É improvável que a presidência de Lula seja como seus dois mandatos anteriores, após a corrida presidencial mais acirrada em mais de três décadas no Brasil e a resistência de alguns de seus oponentes à sua posse, dizem analistas políticos.
O esquerdista derrotou Bolsonaro na votação de 30 de outubro por menos de 2 pontos percentuais. Durante meses, Bolsonaro havia semeado dúvidas sobre a confiabilidade do voto eletrônico no Brasil e seus leais apoiadores relutavam em aceitar a derrota.

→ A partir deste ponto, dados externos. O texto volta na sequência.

lemma abs_dpar_mult_le:
  assumes pos: "\<forall>r. 0 < r \<and> r \<le> 1 \<longrightarrow> 0 < \<psi> r"
    and f: "f \<in> Cpsi \<psi> k" and g: "g \<in> Cpsi \<psi> k" and bs: "bs \<in> dirs j" and j: "j \<le> k"
  shows "\<bar>dpar bs (\<lambda>x. f x * g x) x\<bar> \<le> 2 ^ j * (norm_Cpsi \<psi> k f * norm_Cpsi \<psi> k g)"
proof -
  have "\<bar>dpar bs (\<lambda>x. f x * g x) x\<bar> = \<bar>\<Sum>(p, q)\<leftarrow>leibniz_splits bs. dpar p f x * dpar q g x\<bar>"
    using dpar_mult_Cpsi[OF f g bs j] by simp
  also have "\<dots> \<le> real (length (leibniz_splits bs)) * (norm_Cpsi \<psi> k f * norm_Cpsi \<psi> k g)"
  proof (rule abs_sum_list_le_length_mult)
    fix z assume "z \<in> set (leibniz_splits bs)"
    then obtain p q where z: "z = (p, q)" "(p, q) \<in> set (leibniz_splits bs)" by (metis surj_pair)
    note pq = leibniz_splits_dirs[OF z(2) bs]
    have "\<bar>dpar p f x\<bar> \<le> norm_Cpsi \<psi> k f" "\<bar>dpar q g x\<bar> \<le> norm_Cpsi \<psi> k g"
      using abs_dpar_le_norm_Cpsi[OF pos f pq(1)] abs_dpar_le_norm_Cpsi[OF pos g pq(2)] pq(3,4) j
      by auto
    then show "\<bar>case z of (p, q) \<Rightarrow> dpar p f x * dpar q g x\<bar> \<le> norm_Cpsi \<psi> k f * norm_Cpsi \<psi> k g"
      unfolding z by (simp add: abs_mult mult_mono norm_Cpsi_nonneg[OF pos f])
  qed
  also have "length (leibniz_splits bs) = 2 ^ j"
    using bs by (simp add: length_leibniz_splits dirs_def)
  finally show ?thesis by simp
qed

Muitos se reuniram do lado de fora dos quartéis militares desde então, questionando os resultados e implorando às forças armadas para impedir que Lula assuma o cargo.
Seus apoiadores mais obstinados recorreram ao que algumas autoridades e novos membros do governo Lula rotularam de atos de “terrorismo” – algo que o país não via desde o início dos anos 1980 e que gerou preocupações de segurança sobre os eventos do dia da posse.

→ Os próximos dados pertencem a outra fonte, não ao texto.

definition compl_graph :: "nat \<Rightarrow> nat set set \<Rightarrow> nat set set" where
  "compl_graph n E = {{i, j} | i j. i \<noteq> j \<and> i < n \<and> j < n \<and> {i, j} \<notin> E}"

definition sym_real_mat :: "nat \<Rightarrow> real mat \<Rightarrow> bool" where
  "sym_real_mat n A \<longleftrightarrow> A \<in> carrier_mat n n \<and> A\<^sup>T = A"

definition S_pattern :: "nat \<Rightarrow> nat set set \<Rightarrow> real mat set" where
  "S_pattern n G = {A. sym_real_mat n A \<and>
     (\<forall>i<n. \<forall>j<n. i \<noteq> j \<longrightarrow> (A $$ (i, j) \<noteq> 0 \<longleftrightarrow> {i, j} \<in> G))}"

definition S_cl :: "nat \<Rightarrow> nat set set \<Rightarrow> real mat set" where
  "S_cl n G = {A. sym_real_mat n A \<and>
     (\<forall>i<n. \<forall>j<n. i \<noteq> j \<longrightarrow> A $$ (i, j) \<noteq> 0 \<longrightarrow> {i, j} \<in> G)}"

(* I \<circ> X = O : Hadamard product with the identity is zero, i.e. zero diagonal *)
definition zero_diag :: "nat \<Rightarrow> real mat \<Rightarrow> bool" where
  "zero_diag n X \<longleftrightarrow> (\<forall>i<n. X $$ (i, i) = 0)"

definition SSP_wrt :: "nat \<Rightarrow> real mat \<Rightarrow> nat set set \<Rightarrow> bool" where
  "SSP_wrt n A H \<longleftrightarrow> (\<forall>X. X \<in> S_cl n (compl_graph n H) \<and> zero_diag n X \<and>
       A * X - X * A = 0\<^sub>m n n \<longrightarrow> X = 0\<^sub>m n n)"

definition graph_dunion :: "nat \<Rightarrow> nat set set \<Rightarrow> nat set set \<Rightarrow> nat set set" where
  "graph_dunion nA HA HB = HA \<union> (\<lambda>e. (\<lambda>i. i + nA) ` e) ` HB"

“Em 2003, a cerimônia foi muito bonita. Não havia esse clima ruim e pesado”, disse Carlos Melo, professor de ciências políticas do Insper, em São Paulo, referindo-se ao ano em que Lula assumiu o cargo. “Hoje, é um clima de terror.”
Lula assumiu como missão curar a nação dividida. Mas ele terá que fazer isso enquanto navega em condições econômicas mais desafiadoras do que em seus dois primeiros mandatos, quando o boom global das commodities provou ser uma sorte inesperada para o Brasil.
Na época, o principal programa de assistência social de seu governo ajudou a elevar dezenas de milhões de pessoas pobres à classe média. Muitos brasileiros viajaram pela primeira vez para o exterior. Ele deixou o cargo com um índice de aprovação pessoal de 83%.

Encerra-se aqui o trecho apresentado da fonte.